* Work to complete: Once the line with "using that bounded by (intro integrable_const_bound[where" is found in the entries below, repeat it and each following line exactly, up to and including the line with "using that bounded by (auto". Add no other lines.

Start of Data for this exercise

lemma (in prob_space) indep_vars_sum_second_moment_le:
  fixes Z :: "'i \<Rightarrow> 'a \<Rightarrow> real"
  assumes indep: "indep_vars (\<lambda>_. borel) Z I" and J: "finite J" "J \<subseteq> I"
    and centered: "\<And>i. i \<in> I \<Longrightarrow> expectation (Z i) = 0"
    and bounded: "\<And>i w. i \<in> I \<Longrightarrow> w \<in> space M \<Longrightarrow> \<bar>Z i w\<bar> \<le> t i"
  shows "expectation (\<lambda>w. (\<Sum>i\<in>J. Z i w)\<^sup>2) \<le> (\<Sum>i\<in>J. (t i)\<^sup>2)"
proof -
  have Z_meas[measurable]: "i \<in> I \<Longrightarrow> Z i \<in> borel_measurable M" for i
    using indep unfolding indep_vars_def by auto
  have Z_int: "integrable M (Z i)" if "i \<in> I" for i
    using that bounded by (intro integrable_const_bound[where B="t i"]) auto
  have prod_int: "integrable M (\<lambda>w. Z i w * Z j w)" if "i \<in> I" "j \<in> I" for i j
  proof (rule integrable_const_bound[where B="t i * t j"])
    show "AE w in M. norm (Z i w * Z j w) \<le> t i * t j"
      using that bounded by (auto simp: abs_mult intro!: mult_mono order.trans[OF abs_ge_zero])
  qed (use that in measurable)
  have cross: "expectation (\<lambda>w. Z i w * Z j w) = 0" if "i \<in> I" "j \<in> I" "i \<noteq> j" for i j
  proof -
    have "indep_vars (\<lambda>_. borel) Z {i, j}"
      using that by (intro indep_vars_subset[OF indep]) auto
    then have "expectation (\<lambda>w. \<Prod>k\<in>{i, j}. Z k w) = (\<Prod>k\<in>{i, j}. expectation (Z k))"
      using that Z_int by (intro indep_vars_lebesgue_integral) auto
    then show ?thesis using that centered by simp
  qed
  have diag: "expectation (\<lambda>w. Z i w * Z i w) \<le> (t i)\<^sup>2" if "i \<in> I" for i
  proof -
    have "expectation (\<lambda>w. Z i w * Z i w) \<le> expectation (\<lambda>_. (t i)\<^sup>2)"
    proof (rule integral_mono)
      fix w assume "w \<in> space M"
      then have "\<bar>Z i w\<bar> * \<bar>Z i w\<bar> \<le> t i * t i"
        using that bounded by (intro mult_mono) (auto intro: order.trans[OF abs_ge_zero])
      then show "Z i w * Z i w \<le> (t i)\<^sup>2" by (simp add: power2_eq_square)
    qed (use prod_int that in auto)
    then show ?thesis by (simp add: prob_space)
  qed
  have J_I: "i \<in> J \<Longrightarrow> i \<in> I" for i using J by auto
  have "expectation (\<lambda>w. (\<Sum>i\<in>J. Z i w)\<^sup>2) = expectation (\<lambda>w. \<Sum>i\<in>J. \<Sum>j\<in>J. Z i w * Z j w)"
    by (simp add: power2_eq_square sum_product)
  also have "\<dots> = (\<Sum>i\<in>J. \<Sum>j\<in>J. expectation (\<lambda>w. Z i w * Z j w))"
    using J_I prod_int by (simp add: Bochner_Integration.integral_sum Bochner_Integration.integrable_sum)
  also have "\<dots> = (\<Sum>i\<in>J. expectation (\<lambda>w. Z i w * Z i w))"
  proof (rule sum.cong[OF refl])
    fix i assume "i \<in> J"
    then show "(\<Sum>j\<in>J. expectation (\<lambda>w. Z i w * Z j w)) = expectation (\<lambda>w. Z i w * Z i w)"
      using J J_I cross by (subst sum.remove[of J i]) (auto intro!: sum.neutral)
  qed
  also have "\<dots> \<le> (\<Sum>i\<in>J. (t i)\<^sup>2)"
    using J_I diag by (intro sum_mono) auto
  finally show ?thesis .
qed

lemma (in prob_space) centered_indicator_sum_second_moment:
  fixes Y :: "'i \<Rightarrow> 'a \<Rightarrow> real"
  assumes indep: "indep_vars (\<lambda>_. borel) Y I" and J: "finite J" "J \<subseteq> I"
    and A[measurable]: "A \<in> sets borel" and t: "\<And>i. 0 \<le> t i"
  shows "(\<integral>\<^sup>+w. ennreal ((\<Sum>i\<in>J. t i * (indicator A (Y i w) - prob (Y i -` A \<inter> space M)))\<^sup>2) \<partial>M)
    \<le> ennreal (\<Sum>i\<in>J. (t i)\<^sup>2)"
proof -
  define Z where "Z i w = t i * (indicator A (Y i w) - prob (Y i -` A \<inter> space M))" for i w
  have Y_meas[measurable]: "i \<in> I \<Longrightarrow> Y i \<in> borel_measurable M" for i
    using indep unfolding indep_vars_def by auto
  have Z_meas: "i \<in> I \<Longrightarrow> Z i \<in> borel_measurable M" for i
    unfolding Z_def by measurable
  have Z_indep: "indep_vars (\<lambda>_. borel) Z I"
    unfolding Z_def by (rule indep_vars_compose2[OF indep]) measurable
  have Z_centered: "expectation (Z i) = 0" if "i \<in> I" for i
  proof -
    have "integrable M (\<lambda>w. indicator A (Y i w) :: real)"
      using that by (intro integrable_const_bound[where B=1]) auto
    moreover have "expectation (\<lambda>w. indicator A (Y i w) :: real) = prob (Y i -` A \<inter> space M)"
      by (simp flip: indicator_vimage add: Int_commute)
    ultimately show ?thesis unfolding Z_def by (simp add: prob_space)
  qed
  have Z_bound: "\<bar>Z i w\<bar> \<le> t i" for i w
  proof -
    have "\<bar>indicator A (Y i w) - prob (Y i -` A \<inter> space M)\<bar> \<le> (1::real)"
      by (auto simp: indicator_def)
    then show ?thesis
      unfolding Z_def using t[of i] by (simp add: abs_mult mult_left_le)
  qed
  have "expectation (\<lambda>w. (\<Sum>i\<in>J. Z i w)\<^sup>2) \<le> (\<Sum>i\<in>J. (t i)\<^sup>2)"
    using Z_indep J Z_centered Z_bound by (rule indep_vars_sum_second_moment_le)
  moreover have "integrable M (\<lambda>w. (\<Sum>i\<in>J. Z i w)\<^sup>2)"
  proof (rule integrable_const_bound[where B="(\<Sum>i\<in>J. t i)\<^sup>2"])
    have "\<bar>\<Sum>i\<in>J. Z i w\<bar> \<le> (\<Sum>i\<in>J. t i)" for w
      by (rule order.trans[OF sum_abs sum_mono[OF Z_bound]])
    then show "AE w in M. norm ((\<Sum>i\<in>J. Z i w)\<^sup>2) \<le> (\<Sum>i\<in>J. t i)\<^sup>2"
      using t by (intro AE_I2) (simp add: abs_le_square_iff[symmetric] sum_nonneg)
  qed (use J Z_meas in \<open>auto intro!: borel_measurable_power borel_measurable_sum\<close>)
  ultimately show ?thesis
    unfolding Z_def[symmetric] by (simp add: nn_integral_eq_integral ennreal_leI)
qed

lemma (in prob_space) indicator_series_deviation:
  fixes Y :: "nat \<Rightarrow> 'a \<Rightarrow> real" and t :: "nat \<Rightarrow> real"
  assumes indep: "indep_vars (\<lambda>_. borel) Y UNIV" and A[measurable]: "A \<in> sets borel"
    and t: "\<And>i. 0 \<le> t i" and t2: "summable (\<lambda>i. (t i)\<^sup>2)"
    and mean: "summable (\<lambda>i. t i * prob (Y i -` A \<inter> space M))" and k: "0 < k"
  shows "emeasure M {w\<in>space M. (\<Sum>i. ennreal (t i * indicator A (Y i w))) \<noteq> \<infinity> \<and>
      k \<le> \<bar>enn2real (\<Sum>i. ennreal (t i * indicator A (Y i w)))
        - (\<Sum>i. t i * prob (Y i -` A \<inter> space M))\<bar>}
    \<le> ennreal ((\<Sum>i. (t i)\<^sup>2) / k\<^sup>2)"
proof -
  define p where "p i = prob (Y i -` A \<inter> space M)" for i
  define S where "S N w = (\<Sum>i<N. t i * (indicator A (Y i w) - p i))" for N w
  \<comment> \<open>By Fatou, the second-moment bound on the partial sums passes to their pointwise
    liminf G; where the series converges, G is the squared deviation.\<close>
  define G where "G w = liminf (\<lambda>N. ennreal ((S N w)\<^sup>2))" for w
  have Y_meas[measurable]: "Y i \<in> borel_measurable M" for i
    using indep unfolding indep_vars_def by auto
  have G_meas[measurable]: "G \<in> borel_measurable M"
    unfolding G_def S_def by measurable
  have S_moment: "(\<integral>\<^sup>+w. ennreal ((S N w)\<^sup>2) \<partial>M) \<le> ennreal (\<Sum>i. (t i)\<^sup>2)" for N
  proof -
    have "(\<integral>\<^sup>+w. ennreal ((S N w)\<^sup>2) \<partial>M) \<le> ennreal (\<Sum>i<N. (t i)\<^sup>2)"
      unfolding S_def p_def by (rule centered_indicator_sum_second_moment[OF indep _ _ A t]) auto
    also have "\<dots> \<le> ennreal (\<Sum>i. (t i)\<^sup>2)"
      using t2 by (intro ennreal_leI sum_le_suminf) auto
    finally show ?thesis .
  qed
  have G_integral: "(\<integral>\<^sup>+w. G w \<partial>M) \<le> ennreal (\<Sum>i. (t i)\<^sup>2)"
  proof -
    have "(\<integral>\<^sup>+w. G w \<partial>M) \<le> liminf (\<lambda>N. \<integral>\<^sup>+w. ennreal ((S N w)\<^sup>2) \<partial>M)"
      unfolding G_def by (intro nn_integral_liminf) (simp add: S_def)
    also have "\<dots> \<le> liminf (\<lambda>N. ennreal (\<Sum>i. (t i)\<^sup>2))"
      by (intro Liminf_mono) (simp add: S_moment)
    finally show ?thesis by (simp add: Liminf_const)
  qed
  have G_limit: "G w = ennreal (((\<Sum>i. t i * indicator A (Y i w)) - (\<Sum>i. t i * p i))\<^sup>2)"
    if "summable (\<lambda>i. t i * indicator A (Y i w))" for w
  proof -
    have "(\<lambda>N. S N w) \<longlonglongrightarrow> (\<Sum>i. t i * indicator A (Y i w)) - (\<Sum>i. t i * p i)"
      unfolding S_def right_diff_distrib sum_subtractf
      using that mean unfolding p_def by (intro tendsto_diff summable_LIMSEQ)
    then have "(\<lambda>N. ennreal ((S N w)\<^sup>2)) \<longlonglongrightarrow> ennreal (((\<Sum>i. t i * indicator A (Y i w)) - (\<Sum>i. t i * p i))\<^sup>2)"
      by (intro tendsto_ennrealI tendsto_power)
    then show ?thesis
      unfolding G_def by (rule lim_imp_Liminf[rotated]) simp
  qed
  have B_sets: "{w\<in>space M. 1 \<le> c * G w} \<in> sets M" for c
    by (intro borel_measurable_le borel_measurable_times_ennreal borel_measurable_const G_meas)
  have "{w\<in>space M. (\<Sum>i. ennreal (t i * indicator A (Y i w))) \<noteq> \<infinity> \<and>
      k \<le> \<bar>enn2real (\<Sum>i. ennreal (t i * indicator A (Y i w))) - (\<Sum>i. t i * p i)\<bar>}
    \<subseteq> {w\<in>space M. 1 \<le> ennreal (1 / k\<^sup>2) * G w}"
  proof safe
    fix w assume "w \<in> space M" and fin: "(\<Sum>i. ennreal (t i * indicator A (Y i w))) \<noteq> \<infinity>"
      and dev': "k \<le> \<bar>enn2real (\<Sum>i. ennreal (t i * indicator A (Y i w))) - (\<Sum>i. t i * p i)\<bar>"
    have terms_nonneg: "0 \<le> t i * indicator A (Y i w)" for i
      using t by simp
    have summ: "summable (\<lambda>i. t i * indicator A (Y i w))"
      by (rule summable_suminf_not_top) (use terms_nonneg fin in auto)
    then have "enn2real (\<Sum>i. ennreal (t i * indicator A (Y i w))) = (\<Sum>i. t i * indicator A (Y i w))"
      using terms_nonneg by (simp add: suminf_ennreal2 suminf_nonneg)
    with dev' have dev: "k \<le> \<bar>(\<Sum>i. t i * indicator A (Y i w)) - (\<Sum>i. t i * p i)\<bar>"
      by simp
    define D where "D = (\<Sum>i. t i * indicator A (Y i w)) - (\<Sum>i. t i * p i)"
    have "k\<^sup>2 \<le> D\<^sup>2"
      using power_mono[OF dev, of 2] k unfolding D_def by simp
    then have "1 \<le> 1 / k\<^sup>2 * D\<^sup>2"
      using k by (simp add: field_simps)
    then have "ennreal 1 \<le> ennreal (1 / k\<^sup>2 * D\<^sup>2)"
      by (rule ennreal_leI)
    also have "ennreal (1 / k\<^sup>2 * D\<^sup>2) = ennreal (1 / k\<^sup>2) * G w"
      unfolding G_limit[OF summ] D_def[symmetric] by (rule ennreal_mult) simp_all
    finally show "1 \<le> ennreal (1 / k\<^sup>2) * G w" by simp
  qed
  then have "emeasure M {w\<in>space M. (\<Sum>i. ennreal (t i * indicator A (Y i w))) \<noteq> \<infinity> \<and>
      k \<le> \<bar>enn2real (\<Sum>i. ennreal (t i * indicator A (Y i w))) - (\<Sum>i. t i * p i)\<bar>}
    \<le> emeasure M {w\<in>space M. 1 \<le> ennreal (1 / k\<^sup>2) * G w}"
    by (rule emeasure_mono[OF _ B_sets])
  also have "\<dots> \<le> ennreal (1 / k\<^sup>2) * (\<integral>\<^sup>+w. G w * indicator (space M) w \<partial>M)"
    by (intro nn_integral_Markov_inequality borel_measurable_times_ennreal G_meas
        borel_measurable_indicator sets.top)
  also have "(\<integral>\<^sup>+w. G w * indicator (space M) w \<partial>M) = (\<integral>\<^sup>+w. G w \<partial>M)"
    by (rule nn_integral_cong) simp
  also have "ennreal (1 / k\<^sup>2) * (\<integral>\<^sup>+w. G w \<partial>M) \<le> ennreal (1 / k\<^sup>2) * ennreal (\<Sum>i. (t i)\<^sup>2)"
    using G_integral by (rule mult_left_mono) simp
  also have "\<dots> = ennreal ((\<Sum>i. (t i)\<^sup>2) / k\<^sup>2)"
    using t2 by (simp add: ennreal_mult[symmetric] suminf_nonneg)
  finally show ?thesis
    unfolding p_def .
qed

End of Data for this exercise

* Answer to this exercise:
    using that bounded by (intro integrable_const_bound[where B="t i"]) auto
  have prod_int: "integrable M (\<lambda>w. Z i w * Z j w)" if "i \<in> I" "j \<in> I" for i j
  proof (rule integrable_const_bound[where B="t i * t j"])
    show "AE w in M. norm (Z i w * Z j w) \<le> t i * t j"
      using that bounded by (auto simp: abs_mult intro!: mult_mono order.trans[OF abs_ge_zero])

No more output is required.